Collaboration tools: Useful, Usable and Used

Posted by Dermot Crowley on 21st August 2017

Productive collaboration requires visibility across the team. To work well together, we need to have access to the right information, at the right time. We are sometimes managing complex work across multiple people in different locations. The more visible we can make this work, the easier it is to manage.

The good news is that there are many tools out there that can help with this. We have everything from Agile boards festooned with Sticky Notes, to cloud-based planning and scheduling tools for projects. We have CRM systems for customer management, and of course our old friends Microsoft Outlook and OneNote. Getting access to tools is not the issue. It is making sure these tools are useful, usable and used. This can make the difference between our collaboration tools being adopted across the team, or lying dormant on our desktop.

Collaboration tools will only be embraced if they are useful.  They must add value and help us to do our job more effectively. They need to be usable as well. That means they should be easy to use in most situations. And finally, they should be used, not just by a few, but by all of the relevant people in the team. This is usually where the real value of the tool lies.

Let me illustrate with a real-life example. We implemented a new CRM (Customer Relationship Management) system last year. I will be honest – I have struggled. If I run it through my three criteria, I get mixed results.

Is it useful? Yes, it adds great value.

Is it usable? That depends. If I am at my desk, yes. If I am out and about, not really. Access to the system from my iPad or iPhone is not great, and that is often when I need to review client information, or input notes against a client meeting.

Is it used? Again, not really by anyone but myself and Chauntelle. Because of this I find it less compelling to bother updating it myself just for my own benefit. We are working through these issues, and feel that there is value in doing so, but it has been a struggle.

Now compare that scenario to our use of MS OneNote. I use this tool to take all meeting notes, to plan and manage simple projects, to collate research and to even manage my grandfather’s historical records. I use OneNote every day, many times each day. I would be lost without it. Let’s run it through the three criteria.

Is it useful? Yes, immensely so.

Is it usable? Yes, it is very intuitive and easy to access on all my devices. Anytime, anyplace, anywhere as the Martini Rosso advert used to say. There is no friction that impedes me using it, so habits build quickly around the new tool.

Is it used? Yes, the whole team has embraced it. In a few short months, it has become an integral part of our business. And as other members of the team start to use OneNote, I am encouraged to use it more, and so it goes in an upward spiral.

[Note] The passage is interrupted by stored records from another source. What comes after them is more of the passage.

lemma gcpc_pdf_pos:
  assumes "lam > 0" and "\<gamma> \<ge> 0"
  shows "gcpc_pdf \<omega> \<gamma> lam t > 0"
proof -
  define x where "x = sqrt lam * cos (t - \<omega>)"
  define y where "y = sin (t - \<omega>)"
  have "x \<noteq> 0 \<or> y \<noteq> 0"
    using assms(1) sin_cos_squared_add[of "t - \<omega>"] unfolding x_def y_def
    by (metis mult_eq_0_iff power_zero_numeral add_0 real_sqrt_eq_zero_cancel_iff zero_neq_one less_irrefl)
  then have "sqrt (x\<^sup>2 + y\<^sup>2) > 0" and "\<gamma> * x < sqrt (x\<^sup>2 + y\<^sup>2) * sqrt (\<gamma>\<^sup>2 + 1)"
    using mult_lt_sqrt_sum_squares[OF _ assms(2)] by (auto simp: sum_power2_gt_zero_iff)
  then show ?thesis
    using gcpc_pdf_eq[OF assms(1)] assms(1) by (simp add: x_def y_def)
qed

lemma gcpc_half_angle_denom_pos:
  assumes "lam > 0" and "\<bar>t - \<omega>\<bar> < pi"
  shows "sqrt ((sqrt lam * cos (t - \<omega>))\<^sup>2 + (sin (t - \<omega>))\<^sup>2) + sqrt lam * cos (t - \<omega>) > 0"
proof (rule sqrt_sum_squares_add_pos)
  show "sin (t - \<omega>) \<noteq> 0 \<or> sqrt lam * cos (t - \<omega>) > 0"
  proof (cases "t = \<omega>")
    case False
    then show ?thesis
      using sin_eq_0_pi assms(2) by (metis abs_less_iff minus_less_iff eq_iff_diff_eq_0)
  qed (use assms(1) in simp)
qed

definition gcpc_primitive :: "real \<Rightarrow> real \<Rightarrow> real \<Rightarrow> real \<Rightarrow> real" where
  "gcpc_primitive \<omega> \<gamma> lam t =
     arctan ((\<gamma> + sqrt (\<gamma>\<^sup>2 + 1)) * half_angle_tan (sqrt lam * cos (t - \<omega>)) (sin (t - \<omega>))) / pi"

lemma gcpc_primitive_eq:
  assumes "lam > 0" and "\<gamma> \<ge> 0" and "\<bar>t - \<omega>\<bar> < pi"
  shows "gcpc_primitive \<omega> \<gamma> lam t
    = arctan ((1 + gcpc_delta \<gamma>) / (1 - gcpc_delta \<gamma>) * tan (gcpc_psi \<omega> lam t / 2)) / pi"
  using tan_half_Arg[OF gcpc_half_angle_denom_pos[OF assms(1,3)]]
  by (simp add: gcpc_primitive_def gcpc_delta_ratio[OF assms(2)] gcpc_psi_def atan2_def)

lemma gcpc_primitive_has_real_derivative:
  assumes "lam > 0" and "\<gamma> \<ge> 0" and "\<bar>t - \<omega>\<bar> < pi"
  shows "(gcpc_primitive \<omega> \<gamma> lam has_real_derivative gcpc_pdf \<omega> \<gamma> lam t) (at t)"
proof -
  define L where "L = sqrt lam"
  define x where "x = L * cos (t - \<omega>)"
  define y where "y = sin (t - \<omega>)"
  define r where "r = sqrt (x\<^sup>2 + y\<^sup>2)"
  define K where "K = \<gamma> + sqrt (\<gamma>\<^sup>2 + 1)"
  define h where "h t = half_angle_tan (L * cos (t - \<omega>)) (sin (t - \<omega>))" for t
  have d: "r + x > 0"
    using gcpc_half_angle_denom_pos[OF assms(1,3)] by (simp add: r_def x_def y_def L_def)
  have "(h has_real_derivative
      (x * cos (t - \<omega>) - y * (- L * sin (t - \<omega>))) / (r * (r + x))) (at t)"
    using d unfolding h_def r_def x_def y_def
    by (intro half_angle_tan_has_real_derivative) (auto intro!: derivative_eq_intros)
  moreover have "x * cos (t - \<omega>) - y * (- L * sin (t - \<omega>)) = L"
    by (simp add: x_def y_def algebra_simps flip: distrib_left)
  ultimately have "(h has_real_derivative L / (r * (r + x))) (at t)"
    by simp
  then have "((\<lambda>t. arctan (K * h t) / pi) has_real_derivative
      inverse (1 + (K * h t)\<^sup>2) * (K * (L / (r * (r + x)))) / pi) (at t)"
    by (intro DERIV_cdivide DERIV_chain2[OF DERIV_arctan] DERIV_cmult)
  moreover have "(\<lambda>t. arctan (K * h t) / pi) = gcpc_primitive \<omega> \<gamma> lam"
    by (simp add: fun_eq_iff h_def K_def L_def gcpc_primitive_def)
  moreover have "inverse (1 + (K * h t)\<^sup>2) * (K * (L / (r * (r + x)))) / pi = gcpc_pdf \<omega> \<gamma> lam t"
  proof -
    have "h t = y / (r + x)"
      by (simp add: h_def half_angle_tan_def x_def y_def r_def)
    then have "inverse (1 + (K * h t)\<^sup>2) * (K * (L / (r * (r + x)))) / pi
        = L / pi * (K / (r * (r + x) * (1 + (K * (y / (r + x)))\<^sup>2)))"
      by (simp add: inverse_eq_divide ac_simps)
    also have "\<dots> = L / pi * (1 / (2 * r * (r * sqrt (\<gamma>\<^sup>2 + 1) - \<gamma> * x)))"
      unfolding K_def r_def
      by (subst arctan_half_angle_derivative_eq) (use d assms(2) in \<open>simp_all add: r_def\<close>)
    also have "\<dots> = gcpc_pdf \<omega> \<gamma> lam t"
      using gcpc_pdf_eq[OF assms(1)] by (simp add: L_def r_def x_def y_def)
    finally show ?thesis .
  qed
  ultimately show ?thesis
    by simp
qed

lemma gcpc_pdf_has_integral:
  assumes "lam > 0" and "\<gamma> \<ge> 0" and "\<omega> - pi < a" and "a \<le> b" and "b < \<omega> + pi"
  shows "(gcpc_pdf \<omega> \<gamma> lam has_integral gcpc_primitive \<omega> \<gamma> lam b - gcpc_primitive \<omega> \<gamma> lam a) {a..b}"
proof (rule fundamental_theorem_of_calculus[OF assms(4)])
  fix t
  assume "t \<in> {a..b}"
  then have "(gcpc_primitive \<omega> \<gamma> lam has_real_derivative gcpc_pdf \<omega> \<gamma> lam t) (at t)"
    using assms by (intro gcpc_primitive_has_real_derivative) auto
  then show "(gcpc_primitive \<omega> \<gamma> lam has_vector_derivative gcpc_pdf \<omega> \<gamma> lam t) (at t within {a..b})"
    by (simp add: has_real_derivative_iff_has_vector_derivative has_vector_derivative_at_within)
qed

lemma distributed_measure_atLeastAtMost:
  fixes X :: "'s \<Rightarrow> real" and f :: "real \<Rightarrow> real"
  assumes X: "distributed M lborel X (\<lambda>x. ennreal (f x))"
    and nonneg: "\<And>x. x \<in> {a..b} \<Longrightarrow> 0 \<le> f x" and f: "(f has_integral I) {a..b}"
  shows "measure M {x \<in> space M. a \<le> X x \<and> X x \<le> b} = I"
proof -
  have "{x \<in> space M. a \<le> X x \<and> X x \<le> b} = X -` {a..b} \<inter> space M"
    by auto
  then have "measure M {x \<in> space M. a \<le> X x \<and> X x \<le> b} = measure (distr M lborel X) {a..b}"
    using measure_distr[OF distributed_measurable[OF X]] by simp
  also have "\<dots> = measure (density lborel (\<lambda>x. ennreal (f x))) {a..b}"
    using distributed_distr_eq_density[OF X] by simp
  also have "\<dots> = enn2real (\<integral>\<^sup>+ x. ennreal (f x) * indicator {a..b} x \<partial>lborel)"
    unfolding measure_def using emeasure_density[OF distributed_borel_measurable[OF X]] by simp
  also have "\<dots> = I"
    using nn_integral_has_integral_lebesgue'[OF nonneg f] has_integral_nonneg[OF f nonneg] by simp
  finally show ?thesis .
qed

theorem mainTheorem5:
  fixes M :: "'s measure" and \<theta> :: "'s \<Rightarrow> real"
    and \<omega> \<gamma> lam a b :: real
  assumes "prob_space M"
    and "lam > 0" and "\<gamma> \<ge> 0" and "-pi \<le> \<omega>" and "\<omega> \<le> pi"
    and "distributed M lborel \<theta> (gcpc_density \<omega> \<gamma> lam)"
    and "\<omega> - pi < a" and "a \<le> b" and "b < \<omega> + pi"
  shows "measure M {x \<in> space M. a \<le> \<theta> x \<and> \<theta> x \<le> b} =
    (1 / pi) *
      (arctan ((1 + gcpc_delta \<gamma>) / (1 - gcpc_delta \<gamma>) * tan (gcpc_psi \<omega> lam b / 2))
     - arctan ((1 + gcpc_delta \<gamma>) / (1 - gcpc_delta \<gamma>) * tan (gcpc_psi \<omega> lam a / 2)))"
proof -
  let ?f = "\<lambda>t. indicator {\<omega> - pi<..\<omega> + pi} t * gcpc_pdf \<omega> \<gamma> lam t"
  have "distributed M lborel \<theta> (\<lambda>t. ennreal (?f t))"
    using assms(6) by (simp add: gcpc_density_def[abs_def])
  moreover have "(?f has_integral gcpc_primitive \<omega> \<gamma> lam b - gcpc_primitive \<omega> \<gamma> lam a) {a..b}"
    using gcpc_pdf_has_integral[OF assms(2,3,7-9)]
    by (rule has_integral_eq[rotated]) (use assms(7-9) in \<open>simp add: indicator_def\<close>)
  ultimately have "measure M {x \<in> space M. a \<le> \<theta> x \<and> \<theta> x \<le> b}
      = gcpc_primitive \<omega> \<gamma> lam b - gcpc_primitive \<omega> \<gamma> lam a"
    using gcpc_pdf_pos[OF assms(2,3)]
    by (intro distributed_measure_atLeastAtMost) (auto simp: less_imp_le)
  then show ?thesis
    using assms(7-9) by (simp add: gcpc_primitive_eq[OF assms(2,3)] diff_divide_distrib)
qed

end
lemma odd_part_Schwarz:
  assumes holF: "F holomorphic_on ball 0 1"
    and diam: "Diam (F ` ball 0 1) \<le> 2"
    and \<zeta>: "cmod \<zeta> < 1"
  shows "cmod (F \<zeta> - F (-\<zeta>)) \<le> 2 * cmod \<zeta>"
    and "cmod (F \<zeta> - F (-\<zeta>)) = 2 * cmod \<zeta> \<Longrightarrow> \<zeta> \<noteq> 0 \<Longrightarrow>
      \<exists>\<alpha>. cmod \<alpha> = 1 \<and> (\<forall>z\<in>ball 0 1. F z - F (-z) = 2 * \<alpha> * z)"
proof -
  define G where "G z = (F z - F (-z)) / 2" for z
  have "(F \<circ> uminus) holomorphic_on ball 0 1"
    by (intro holomorphic_on_compose_gen[OF _ holF]) (auto intro: holomorphic_intros)
  then have holG: "G holomorphic_on ball 0 1"
    unfolding G_def o_def by (intro holomorphic_intros holF) auto
  have G0: "G 0 = 0"
    by (simp add: G_def)
  have "cmod (G z) \<le> 1" if "cmod z < 1" for z
    using norm_diff_le_if_Diam_le[of "F ` ball 0 1" 2 "F z" "F (-z)"] diam that
    by (simp add: G_def norm_divide)
  then have G_le: "cmod (G z) \<le> cmod z" if "cmod z < 1" for z
    using Schwarz_Lemma_le[OF holG G0 _ that] by blast
  show "cmod (F \<zeta> - F (-\<zeta>)) \<le> 2 * cmod \<zeta>"
    using G_le[OF \<zeta>] by (simp add: G_def norm_divide mult.commute)
  assume "cmod (F \<zeta> - F (-\<zeta>)) = 2 * cmod \<zeta>" "\<zeta> \<noteq> 0"
  then obtain \<alpha> where "\<forall>z. cmod z < 1 \<longrightarrow> G z = \<alpha> * z" "cmod \<alpha> = 1"
    using Schwarz_Lemma(3)[OF holG G0 _ \<zeta>] G_le \<zeta> by (fastforce simp: G_def norm_divide)
  then show "\<exists>\<alpha>. cmod \<alpha> = 1 \<and> (\<forall>z\<in>ball 0 1. F z - F (-z) = 2 * \<alpha> * z)"
    by (auto simp: G_def)
qed

lemma Moebius_function_neg_self:
  "Moebius_function 0 (-p) p = 2 * p / of_real (1 + (cmod p)\<^sup>2)"
  by (simp add: Moebius_function_simple complex_norm_square[unfolded of_real_power] mult.commute)

lemma Moebius_function_neg_self_eq_0_iff:
  "Moebius_function 0 (-p) p = 0 \<longleftrightarrow> p = 0"
proof -
  have "1 + (cmod p)\<^sup>2 \<noteq> 0"
    by (smt (verit) zero_le_power2)
  then have "of_real (1 + (cmod p)\<^sup>2) \<noteq> (0 :: complex)"
    by (metis of_real_eq_0_iff)
  then show ?thesis
    by (simp add: Moebius_function_neg_self)
qed

lemma Moebius_function_neg_self_extremal_radius:
  assumes "cmod p < 1"
  defines "z \<equiv> Moebius_function 0 (-p) p"
  shows "cmod z * (2 / (1 + sqrt (1 - (cmod z)\<^sup>2))) = 2 * cmod p"
proof -
  define \<rho> where "\<rho> = cmod p"
  have \<rho>: "0 \<le> \<rho>" "\<rho> < 1"
    using assms by (auto simp: \<rho>_def)
  have pos: "0 < 1 + \<rho>\<^sup>2"
    by (simp add: add_pos_nonneg)
  have nz: "cmod z = 2 * \<rho> / (1 + \<rho>\<^sup>2)"
    using pos unfolding z_def Moebius_function_neg_self norm_divide norm_mult norm_of_real \<rho>_def
    by simp
  have "(1 + \<rho>\<^sup>2)\<^sup>2 - (2 * \<rho>)\<^sup>2 = (1 - \<rho>\<^sup>2)\<^sup>2"
    by (simp add: power2_eq_square algebra_simps)
  then have "1 - (cmod z)\<^sup>2 = ((1 - \<rho>\<^sup>2) / (1 + \<rho>\<^sup>2))\<^sup>2"
    using pos unfolding nz power_divide by (simp add: diff_divide_eq_iff)
  moreover have "0 \<le> (1 - \<rho>\<^sup>2) / (1 + \<rho>\<^sup>2)"
    using \<rho> pos by (simp add: power_le_one)
  ultimately have "sqrt (1 - (cmod z)\<^sup>2) = (1 - \<rho>\<^sup>2) / (1 + \<rho>\<^sup>2)"
    by (metis real_sqrt_abs abs_of_nonneg)
  then show ?thesis
    using pos unfolding nz \<rho>_def by (simp add: field_simps)
qed

lemma Moebius_function_neg_self_surj:
  assumes z: "cmod z < 1"
  obtains p where "cmod p < 1" "Moebius_function 0 (-p) p = z"
proof
  define s where "s = sqrt (1 - (cmod z)\<^sup>2)"
  have s: "0 \<le> s" "s\<^sup>2 = 1 - (cmod z)\<^sup>2"
    using z by (auto simp: s_def power_le_one)
  define q :: complex where "q = of_real (1 + s)"
  have q: "q \<noteq> 0" "cmod q = 1 + s"
    using s by (auto simp: q_def simp del: of_real_add)
  define p where "p = z / q"
  have np: "cmod p = cmod z / (1 + s)"
    using q by (simp add: p_def norm_divide)
  then show "cmod p < 1"
    using s z by (simp add: divide_less_eq)
  have "(cmod z)\<^sup>2 = (1 - s) * (1 + s)"
    using s by (simp add: algebra_simps power2_eq_square)
  then have "(cmod p)\<^sup>2 = (1 - s) / (1 + s)"
    using s unfolding np power_divide by (simp add: power2_eq_square)
  then have "(1 + s) * (1 + (cmod p)\<^sup>2) = 2"
    using s by (simp add: field_simps)
  then have "q * of_real (1 + (cmod p)\<^sup>2) = 2"
    unfolding q_def by (metis of_real_mult of_real_numeral)
  then show "Moebius_function 0 (-p) p = z"
    using q unfolding Moebius_function_neg_self by (simp add: p_def field_simps)
qed
lemma hfun_ge_log_power:
  assumes n: "n \<ge> 2" and c: "c > 0" and \<gamma>: "\<gamma> > 0" and \<mu>: "in_l2 \<mu>"
    and lower: "\<And>i. i \<ge> 1 \<Longrightarrow> c * real i powr (-\<gamma> - 1/2) \<le> \<mu> i"
    and x: "ln (real n) \<ge> 1" and shift: "2 * a\<^sub>1 * ln (ln (real n)) / ln (real n) \<le> 1"
    and a\<^sub>1: "a\<^sub>1 = 2*\<gamma> + 3 + 2*p"
  shows "c\<^sup>2 * (ln (real n))^4 / ((4 powr a\<^sub>1 + 1)\<^sup>2 * C^4)
    \<le> hfun p \<kappa> \<mu> n (\<gamma> + 2 * a\<^sub>1 * ln (ln (real n)) / ln (real n))"
proof -
  define x where "x = ln (real n)"
  define t where "t = 2 * a\<^sub>1 * ln x / x"
  define \<alpha> where "\<alpha> = \<gamma> + t"
  have a\<^sub>10: "a\<^sub>1 > 0" unfolding a\<^sub>1 using \<gamma> p_nonneg by simp
  have t: "0 \<le> t" "t \<le> 1" unfolding t_def x_def using a\<^sub>10 x shift by simp_all
  have \<alpha>: "\<alpha> > 0" "\<gamma> \<le> \<alpha>" unfolding \<alpha>_def using t \<gamma> by auto
  have a_le: "1 + 2*\<alpha> + 2*p \<le> a\<^sub>1" unfolding \<alpha>_def using t a\<^sub>1 by simp
  have a0: "1 + 2*\<alpha> + 2*p > 0" using \<alpha> p_nonneg by simp
  \<comment> \<open>the shift of \<open>\<alpha>\<close> above \<open>\<gamma>\<close> turns the power of \<open>n\<close> into a power of \<open>log n\<close>\<close>
  have "(2*\<alpha> - 2*\<gamma>) / (1 + 2*\<alpha> + 2*p) * x = 4 * a\<^sub>1 * ln x / (1 + 2*\<alpha> + 2*p)"
    unfolding \<alpha>_def t_def using x unfolding x_def by (simp add: field_simps)
  also have "\<dots> \<ge> 4 * a\<^sub>1 * ln x / a\<^sub>1"
    using a0 a_le a\<^sub>10 x unfolding x_def by (intro divide_left_mono mult_nonneg_nonneg) auto
  finally have "exp (4 * ln x) \<le> exp ((2*\<alpha> - 2*\<gamma>) / (1 + 2*\<alpha> + 2*p) * x)" using a\<^sub>10 by simp
  moreover have "exp (4 * ln x) = x^4"
    using x powr_realpow[of x 4] unfolding x_def by (simp add: powr_def)
  moreover have "exp ((2*\<alpha> - 2*\<gamma>) / (1 + 2*\<alpha> + 2*p) * x) = real n powr ((2*\<alpha> - 2*\<gamma>) / (1 + 2*\<alpha> + 2*p))"
    using n unfolding x_def by (simp add: powr_def)
  ultimately have "x^4 \<le> real n powr ((2*\<alpha> - 2*\<gamma>) / (1 + 2*\<alpha> + 2*p))" by simp
  then have "c\<^sup>2 * x^4 / ((4 powr a\<^sub>1 + 1)\<^sup>2 * C^4)
      \<le> c\<^sup>2 * real n powr ((2*\<alpha> - 2*\<gamma>) / (1 + 2*\<alpha> + 2*p)) / ((4 powr a\<^sub>1 + 1)\<^sup>2 * C^4)"
    by (intro divide_right_mono mult_left_mono) auto
  also have "\<dots> \<le> hfun p \<kappa> \<mu> n \<alpha>" by (rule hfun_ge_polynomial[OF n \<alpha> c \<mu> lower a_le])
  finally show ?thesis unfolding \<alpha>_def t_def x_def .
qed

lemma alpha_upper_polynomial:
  assumes c: "c > 0" and \<gamma>: "\<gamma> > 0" and L: "L > 0"
  shows "\<exists>C\<^sub>0 > 0. \<forall>\<mu>. in_l2 \<mu> \<and> (\<forall>i \<ge> 1. \<mu> i \<ge> c * real i powr (-\<gamma> - 1/2)) \<longrightarrow>
           (\<forall>\<^sub>F n in sequentially. alpha_upper p \<kappa> L \<mu> n \<le> ereal (\<gamma> + C\<^sub>0 * ln (ln (real n)) / ln (real n)))"
proof (intro exI[of _ "2 * (2*\<gamma> + 3 + 2*p)"] conjI allI impI)
  define a\<^sub>1 Q where "a\<^sub>1 = 2*\<gamma> + 3 + 2*p" and "Q = (4 powr a\<^sub>1 + 1)\<^sup>2 * C^4"
  show "2 * (2*\<gamma> + 3 + 2*p) > 0" using \<gamma> p_nonneg by simp
  have "1 * 1 \<le> (4 powr a\<^sub>1 + 1)\<^sup>2 * C^4" using C_ge_1 by (intro mult_mono one_le_power) auto
  then have Q: "Q \<ge> 1" unfolding Q_def by simp
  fix \<mu> assume \<mu>: "in_l2 \<mu> \<and> (\<forall>i \<ge> 1. \<mu> i \<ge> c * real i powr (-\<gamma> - 1/2))"
  have "\<forall>\<^sub>F n in sequentially. n \<ge> 2 \<and> ln (real n) \<ge> 1 \<and> 2 * a\<^sub>1 * ln (ln (real n)) / ln (real n) \<le> 1
      \<and> c\<^sup>2 * (ln (real n))^4 / Q > L * (ln (real n))\<^sup>2"
    using c Q L by (intro eventually_conj eventually_ge_at_top) real_asymp+
  then show "\<forall>\<^sub>F n in sequentially. alpha_upper p \<kappa> L \<mu> n
      \<le> ereal (\<gamma> + 2 * (2*\<gamma> + 3 + 2*p) * ln (ln (real n)) / ln (real n))"
  proof eventually_elim
    case (elim n)
    have "L * (ln (real n))\<^sup>2 < hfun p \<kappa> \<mu> n (\<gamma> + 2 * a\<^sub>1 * ln (ln (real n)) / ln (real n))"
      using elim hfun_ge_log_power[OF _ c \<gamma>, of n \<mu> a\<^sub>1] \<mu> unfolding Q_def a\<^sub>1_def by fastforce
    moreover have "\<gamma> + 2 * a\<^sub>1 * ln (ln (real n)) / ln (real n) > 0"
      using elim \<gamma> p_nonneg unfolding a\<^sub>1_def by (simp add: add_pos_nonneg)
    ultimately show ?case unfolding a\<^sub>1_def by (intro alpha_upper_le) auto
  qed
qed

So how do we ensure that our collaboration tools are useful, usable and used? Keep the following in mind when you are introducing your next collaboration tool:

  • Don’t just jump at the latest gadget or fad. Take the time to work out what you are trying to achieve, and which tools can best meet your needs.
  • Set the context with your team, and help them understand why and how this will help them do their job with a little less friction
  • Give them training so they know how to use the tool
  • Ensure IT have set the tools up in a way that makes them easy to use in every situation
  • Create champions who will carry the flag in the first few months. These champions should also double as onsite coaches in the early days
  • Lead by example. Don’t expect others to do what you don’t.

My CRM tool is not a bad tool, but its weaknesses have caused me friction. OneNote is not a perfect tool, but it works well enough to create flow for me. Your collaboration tools should all create flow, for the whole team. If not, you may find that nobody uses them.